Don’t Lose Faith in Your Writing (A Love Letter)
This week I read an ominous post on a friend’s Facebook feed. Something to the effect that people were praying for her, but there was no specific information beyond that. I messaged a mutual friend and learned that the worst had happened: my friend had died.
I’m very far away from home, and so there is not much I can do. I’ll likely miss the memorial service, because I’m here in France for a few more weeks. One thing I have been doing, though, is thinking about my friend. A lot. It’s my way of honoring her life.
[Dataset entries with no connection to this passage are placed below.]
lemma upper_envelope_attained:
  assumes hx: "upper_envelope G x = ereal c"
  shows "\<exists>g\<in>G. g x = c"
proof (rule ccontr)
  assume not_attained: "\<not> ?thesis"
  obtain g0 where g0: "g0 \<in> G"
    using nonempty by blast
  have "g0 x \<le> c"
    using upper_envelope_ge[OF g0, of x] hx by simp
  with g0 not_attained have g0_below: "g0 x < c"
    by force
  obtain \<phi> where \<phi>: "\<phi> \<in> CRR" "\<phi> x = c" "\<And>y. y \<noteq> x \<Longrightarrow> ereal (\<phi> y) < upper_envelope G y"
    using exists_below_upper_envelope_touching_at[OF hx] by blast
  text \<open>Near \<open>x\<close> the function \<open>\<phi>\<close> lies strictly between \<open>g0\<close> and the envelope, so it is
    attained off \<open>x\<close>; closedness of its coincidence set then forces it to be attained at \<open>x\<close>.\<close>
  have "((\<lambda>y. \<phi> y - g0 y) \<longlongrightarrow> \<phi> x - g0 x) (at x)"
    using \<phi>(1) member_tendsto[OF g0]
    by (intro tendsto_diff) (auto simp: CRR_def continuous_on_def)
  then have "\<forall>\<^sub>F y in at x. 0 < \<phi> y - g0 y"
    by (rule order_tendstoD(1)) (use \<phi>(2) g0_below in simp)
  then have "\<forall>\<^sub>F y in at x. y \<in> coincidence_set G \<phi>"
    using eventually_neq_at_within[of x x UNIV]
  proof eventually_elim
    case (elim y)
    obtain g where "g \<in> G" "\<phi> y < g y"
      using \<phi>(3)[OF elim(2)] by (auto simp: less_upper_envelope_iff)
    then show ?case
      using attains_intermediate_value[OF g0, of y "\<phi> y" g] elim(1)
      by (auto intro: coincidence_setI)
  qed
  then have "x \<in> coincidence_set G \<phi>"
    using closed_coincidence_set[OF \<phi>(1)]
    by (intro Lim_in_closed_set[OF _ _ at_neq_bot tendsto_ident_at])
  then show False
    using \<phi>(2) not_attained by (auto elim: coincidence_setE)
qed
She was a lovely, creative woman, and I admired her for that. And yet, when I think of her I think of her spinning, in the metaphorical sense. She’d go in one direction, then stop herself. Become convinced that a new direction was the ticket, but then she’d stop herself again, before she even had a chance to make progress. And the thing of it was, if she’d only kept going in the same direction, it would have been awesome. Because she was awesome. I’m just not sure she knew it.
Because she’d no sooner get started on something, then she’d lose faith in it.
I know how easy that is to do, and you probably do, too. Committing to writing, or any other kind of creative project, over the long haul takes courage. It takes energy and focus. I’m not saying that my friend didn’t have any of those qualities. She did. But I think other traits overtook her.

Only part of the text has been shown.